Duluth campus officials said the mushrooming number of first-year students is another indicator of the University’s success.
“We’ve had increasing numbers of applications in the last three years,” said Karl Johnson, associate registrar at the Duluth campus. “We’ve had somewhere from three times the number of applicants than we’ve had room for in admissions.”
Sargeant said each campus in greater Minnesota is “uniquely different and plays a different role as a part of the University.”
“(Crookston is) known for the use of technology in teaching and learning,” Sargeant said. “You need a campus like this that’s a good demonstration site that can help students graduate prepared for the world today and tomorrow.”
John Schwaller, vice chancellor for Academic Affairs at the Morris campus, said there was “no economy” in closing the campus, citing its numerous contributions to the University.
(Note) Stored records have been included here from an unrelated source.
theorem poisson_lower_bound_gt:
  assumes f00: "f (0, 0) = 0" and "finite I" and lam_pos: "\<forall>i\<in>I. lam i > 0"
    and a: "\<forall>i\<in>I. a i \<in> {0..1}" and b: "\<forall>i\<in>I. b i \<in> {0..1}" and ab: "\<forall>i\<in>I. a i \<le> b i"
    and l: "0 \<le> l2" "l2 < l1"
    and bound_a: "\<forall>S\<subseteq>I. (\<Sum>i\<in>S. lam i * a i) \<le> 1 - exp (- sum lam S)"
    and total_a: "(\<Sum>i\<in>I. lam i * a i) = 1 - exp (- l1)"
    and bound_b: "\<forall>S\<subseteq>I. (\<Sum>i\<in>S. lam i * b i) \<le> 2 - exp (- sum lam S) * (2 + sum lam S)"
    and total_b: "(\<Sum>i\<in>I. lam i * b i) = (1 - exp (- l1)) + (1 - exp (- l2) * (1 + l2))"
  shows "integral {0..l2} (\<lambda>l. f (exp (- l), exp (- l) * (1 + l)))
           + integral {l2..l1} (\<lambda>l. f (exp (- l), exp (- l)))
         \<le> (\<Sum>i\<in>I. lam i * f (a i, b i))"
proof -
  let ?L = "sum lam I" and ?x0 = "exp (- l2)" and ?\<gamma>1 = "p0_profile l1" and ?\<gamma>2 = "p1_profile l2 (p0_profile l1)"
  let ?h = "diag_curve_h ?x0" and ?k = "diag_curve_k ?x0"
  have x0: "0 < ?x0" "?x0 \<le> 1" using l by auto
  have l1_le: "l1 \<le> ?L" and maj_a: "majorized I lam a ?\<gamma>1"
    using majorized_p0_profile[OF \<open>finite I\<close> lam_pos _ _ bound_a total_a] a l by auto
  have maj_b: "majorized I lam b ?\<gamma>2"
    using majorized_p1_profile_p0[OF \<open>finite I\<close> lam_pos _ l l1_le bound_a total_a bound_b total_b] a ab
    by auto
  have prof: "profile_on {0..?L} ?\<gamma>1" "profile_on {0..?L} ?\<gamma>2"
    using l l1_le by (auto intro!: profile_on_p0_profile profile_on_p1_profile)
  have tight: "f (?\<gamma>1 t, ?\<gamma>2 t) = F1 ?h (?\<gamma>1 t) + F2 ?k (?\<gamma>2 t)" if "t \<in> {0..?L}" for t
    using diag_profiles_tight[OF f00 l, of t] that by simp
  have "integral {0..?L} (\<lambda>t. f (?\<gamma>1 t, ?\<gamma>2 t))
      = integral {0..l2} (\<lambda>t. f (?\<gamma>1 t, ?\<gamma>2 t)) + integral {l2..l1} (\<lambda>t. f (?\<gamma>1 t, ?\<gamma>2 t))
        + integral {l1..?L} (\<lambda>t. f (?\<gamma>1 t, ?\<gamma>2 t))"
    using l l1_le
    by (intro integral_split3[OF integrable_along_profiles[OF monotone_curve_diag[OF x0] prof tight]]) auto
  also have "integral {0..l2} (\<lambda>t. f (?\<gamma>1 t, ?\<gamma>2 t)) = integral {0..l2} (\<lambda>l. f (exp (- l), exp (- l) * (1 + l)))"
    using l by (intro integral_cong) (simp add: p0_profile_def p1_profile_def)
  also have "integral {l2..l1} (\<lambda>t. f (?\<gamma>1 t, ?\<gamma>2 t)) = integral {l2..l1} (\<lambda>l. f (exp (- l), exp (- l)))"
    by (intro integral_cong_on_interior) (simp add: p0_profile_def p1_profile_def)
  also have "integral {l1..?L} (\<lambda>t. f (?\<gamma>1 t, ?\<gamma>2 t)) = integral {l1..?L} (\<lambda>_. 0)"
    using l f00 by (intro integral_cong_on_interior) (simp add: p0_profile_def p1_profile_def)
  finally have "integral {0..?L} (\<lambda>t. f (?\<gamma>1 t, ?\<gamma>2 t))
      = integral {0..l2} (\<lambda>l. f (exp (- l), exp (- l) * (1 + l))) + integral {l2..l1} (\<lambda>l. f (exp (- l), exp (- l)))"
    by simp
  moreover have "integral {0..?L} (\<lambda>t. f (?\<gamma>1 t, ?\<gamma>2 t)) \<le> (\<Sum>i\<in>I. lam i * f (a i, b i))"
    by (rule sum_ge_integral_along_profiles[OF monotone_curve_diag[OF x0] diag_curve_tight_graph[OF f00 x0]
          \<open>finite I\<close> lam_pos a b prof maj_a maj_b tight])
  ultimately show ?thesis by simp
qed
text \<open>\<langle>i \<circ> \<pi>_2, i \<circ> \<pi>_1\<rangle>^* : Q \<otimes>_A Q \<rightarrow> Q \<otimes>_A Q, x \<otimes> y \<mapsto> y^* \<otimes> x^*.\<close>
definition twist_star ::
  "('a \<Rightarrow> 'q::complete_lattice \<Rightarrow> 'q) \<Rightarrow> ('q \<Rightarrow> 'a \<Rightarrow> 'q) \<Rightarrow> ('q \<Rightarrow> 'q)
     \<Rightarrow> ('q \<times> 'q) set \<Rightarrow> ('q \<times> 'q) set" where
  "twist_star lact ract star S = tjoin lact ract {tens lact ract (star y) (star x) | x y. (x, y) \<in> S}"

end

theory Submission
  imports Defs
begin

text \<open>Since multiplication preserves joins in each variable and is A-balanced, the set of
  pairs (x, y) with xy \<le> a is already an element of Q \<otimes>_A Q; so m^*(a) is this set, which is
  also the value of the right adjoint of \<mu>_A at a. Multiplicativity then makes m^* preserve
  joins, meets are intersections, and associativity and the compatibility with the involution
  reduce to (uv)w = u(vw) and (xy)^* = y^*x^*. The support does the rest: it is the left adjoint
  of d^*, with Frobenius reciprocity by equivariance, and the inequality
  x \<triangleleft> \<varsigma>(y) \<le> xyy^*, together with y = \<varsigma>(y) \<triangleright> y, puts every pair with xy \<le> a \<triangleright> 1
  below (a \<triangleright> 1) \<otimes> 1 in Q \<otimes>_A Q (symmetrically for r).\<close>

lemma Sup_preserving_mono:
  fixes f :: "'b::complete_lattice \<Rightarrow> 'c::complete_lattice"
  assumes f_Sup: "\<And>X. f (Sup X) = (SUP x\<in>X. f x)" and "x \<le> y"
  shows "f x \<le> f y"
proof -
  have "f y = f (Sup {x, y})" using \<open>x \<le> y\<close> by (simp add: sup.absorb2)
  also have "\<dots> = sup (f x) (f y)" using f_Sup[of "{x, y}"] by simp
  finally show ?thesis by (metis sup.cobounded1)
qed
Schwaller said Morris leads all University campuses in student credit loads, graduation and retention rates, and diversity.
“I’m extremely confident that when people look at the data on Morris, they will see we are a credit and an honor to the University of Minnesota,” he said.
Schwaller also said closing coordinate campuses would not be a “reasonable way to address a budget shortfall.
“Closing a campus is – as those here in Minnesota who know from the times when the Waseca campus was closed – an extremely difficult process to work through,” he said. “The savings are not as simple as looking at the budget of the campus and merely subtracting that from what would be the bottom line of the larger institution.”
The University Board of Regents voted 10-2 in 1992 to close the Waseca campus. Founded in 1971, the Waseca campus served nearly 20,000 students before it closed.
University officials expected Waseca’s closure to yield over $6 million for the University, which was in the midst of a budget crisis.
Sargeant, who said he was a veteran of numerous “budget reduction exercises,” said in his 33 years at the University, he’s never seen a more serious situation than what the institution currently faces.